Oregon
Trump opposes legal effort to bar him from 2024 Oregon ballots
As courts and elections officials in multiple states reached different decisions about the legality of blocking former President Donald Trump from their states’ ballots this week, a group attempting to keep the Republican frontrunner off Oregon’s in 2024 awaits state Supreme Court action on the same question.
Trump has now inserted himself into the Oregon legal battle, which his opponents initiated before the high court early this month. On Friday, his team of lawyers filed a 162-page brief, citing numerous Oregon legal precedents they say should clear his path to the ballot.
Free Speech for People, a national nonprofit that advocates for election fairness and voters rights, appealed a preliminary decision against it by the Oregon secretary of state to the state Supreme Court.

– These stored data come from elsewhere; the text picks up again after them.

(* Let $G=(V,E)$ be a connected, locally finite simple graph, let $x\in V$, let $u:V\to\mathbb{R}$ be harmonic, and let $0\le a\le b<\infty$ be integers. Define, for $k\ge 0$, $$N(k) = \sum_{y:\, d(x,y)=k+1} d_{\mathrm{in}}(y)\, u(y)^2 - \sum_{y:\, d(x,y)=k} d_{\mathrm{out}}(y)\, u(y)^2 .$$ If $G$ is locally expansive in $\{v\in V: a\le d(x,v)\le b\}$, i.e. $d_{\mathrm{out}}(v)\ge d_{\mathrm{in}}(v)$ for every $v$ with $a\le d(x,v)\le b$, then $$\sum_{y:\,d(x,y)=b+1} d_{\mathrm{in}}(y)\, u(y)^2 \ge (b-a+1)N(a) + \sum_{y:\,d(x,y)=a} d_{\mathrm{out}}(y)\, u(y)^2.$$ If $G$ is locally contractive in the same region, i.e. $d_{\mathrm{out}}(v)\le d_{\mathrm{in}}(v)$ for every $v$ with $a\le d(x,v)\le b$, then $$\sum_{y:\,d(x,y)=b+1} d_{\mathrm{in}}(y)\, u(y)^2 \le (b-a+1)N(b) + \sum_{y:\,d(x,y)=a} d_{\mathrm{out}}(y)\, u(y)^2.$$
   Context: $d(\cdot,\cdot)$ is the graph distance. $u$ is harmonic if $\sum_{w:(v,w)\in E}(u(v)-u(w))=0$ for every $v\in V$. With $x$ fixed, $d_{\mathrm{in}}(v)=\#\{w: (w,v)\in E,\ d(w,x)=d(v,x)-1\}$ and $d_{\mathrm{out}}(v)=\#\{w: (w,v)\in E,\ d(w,x)=d(v,x)+1\}$. *)

theory Defs
  imports Main Complex_Main
begin

text \<open>A graph on vertex type 'a is given by an adjacency relation E (vertex set = UNIV).\<close>

inductive walk_len :: "('a \<Rightarrow> 'a \<Rightarrow> bool) \<Rightarrow> nat \<Rightarrow> 'a \<Rightarrow> 'a \<Rightarrow> bool" for E where
  walk_nil: "walk_len E 0 v v"
| walk_step: "walk_len E n v w \<Longrightarrow> E w z \<Longrightarrow> walk_len E (Suc n) v z"

definition simple_graph :: "('a \<Rightarrow> 'a \<Rightarrow> bool) \<Rightarrow> bool" where
  "simple_graph E \<longleftrightarrow> (\<forall>v w. E v w \<longrightarrow> E w v) \<and> (\<forall>v. \<not> E v v)"

definition locally_finite :: "('a \<Rightarrow> 'a \<Rightarrow> bool) \<Rightarrow> bool" where
  "locally_finite E \<longleftrightarrow> (\<forall>v. finite {w. E v w})"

In the complaint, the group cited the 14th Amendment and Trump’s involvement in the Jan. 6 insurrection at the U.S. Capitol to argue that, “having sworn an oath to support the Constitution of the United States, (Trump) has ‘engaged in insurrection or rebellion against the same, or given aid or comfort to the enemies thereof’ and is therefore disqualified from public office.”
It is that same obscure provision of the U.S. Constitution, enacted in the wake of the Civil War, that caused the Colorado Supreme Court and Maine’s secretary of state to rule this week that Trump cannot appear on their states’ presidential primary ballots – but California’s elections chief to rule Friday that he can.
The question will all but certainly land before the U.S. Supreme Court, legal experts say.
The case before the Oregon Supreme Court came in response to a Nov. 30 decision by Oregon Secretary of State LaVonne Griffin-Valade, a Democratic appointee, that she would not remove Trump from the state’s May 2024 primary ballot. She did not mention the general election in her announcement.
“Oregon law does not give me the authority to determine the qualifications of candidates in a presidential primary,” Griffin-Valade said at the time. “I will follow our usual process and expect to put Donald Trump on the primary ballot unless a court directs me otherwise.”
Free Speech for People retained two high profile Oregon lawyers, Dan Meek and Jason Kafoury, to lead its petition. On Dec. 15, Meek asked the Oregon Supreme Court to rule on whether Trump should be barred from the state’s general election ballot, court documents show.
According to Meek, there is a stronger legal case to remove Trump from Oregon’s general election ballot than the primary ballot. That’s because Oregon law requires candidates to swear that they are qualified to enter office after they win the election, not beforehand – meaning the 14th Amendment is not applicable to a primary election because it does not choose the president, Meek said.
“Even if you win the Oregon primary, that doesn’t mean that you’re nominated,” Meek told The Oregonian/OregonLive. “And it certainly doesn’t mean that you’re elected. So it’s several steps away from what the 14th Amendment says (when) it says you cannot serve in office.”
In their lengthy brief filed Friday, Trump and his legal team primarily argue, as Meek concedes, that Oregon officials have no right to decide who is qualified to run in the state’s presidential primaries.
His team also asserts, however, that while “the events of January 6 included serious crimes and violence by others … they did not amount to an ‘insurrection’ within the meaning of the 14th Amendment. On top of that, President Trump did nothing to ‘engage in’ the riot at the Capitol.”
Last year, a bipartisan committee of the U.S. House of Representatives reported that Trump “refused to accept the lawful result of the 2020 election” and “refused repeated requests over a multiple hour period that he instruct his violent supporters to disperse and leave the Capitol.”
Multiple national political groups have attempted to weigh in on the fight in Oregon. The conservative legal advocacy group Landmark Legal Foundation, which has intervened in several similar challenges in other states, filed a motion requesting permission to submit a brief in favor of Trump. On Friday, the Oregon Supreme Court denied the motion, citing a procedural error.
The Constitutional Accountability Center, a law firm that has filed several similar briefs against Trump in other states, filed a motion requesting permission to submit a brief in opposition of Trump, which the court approved.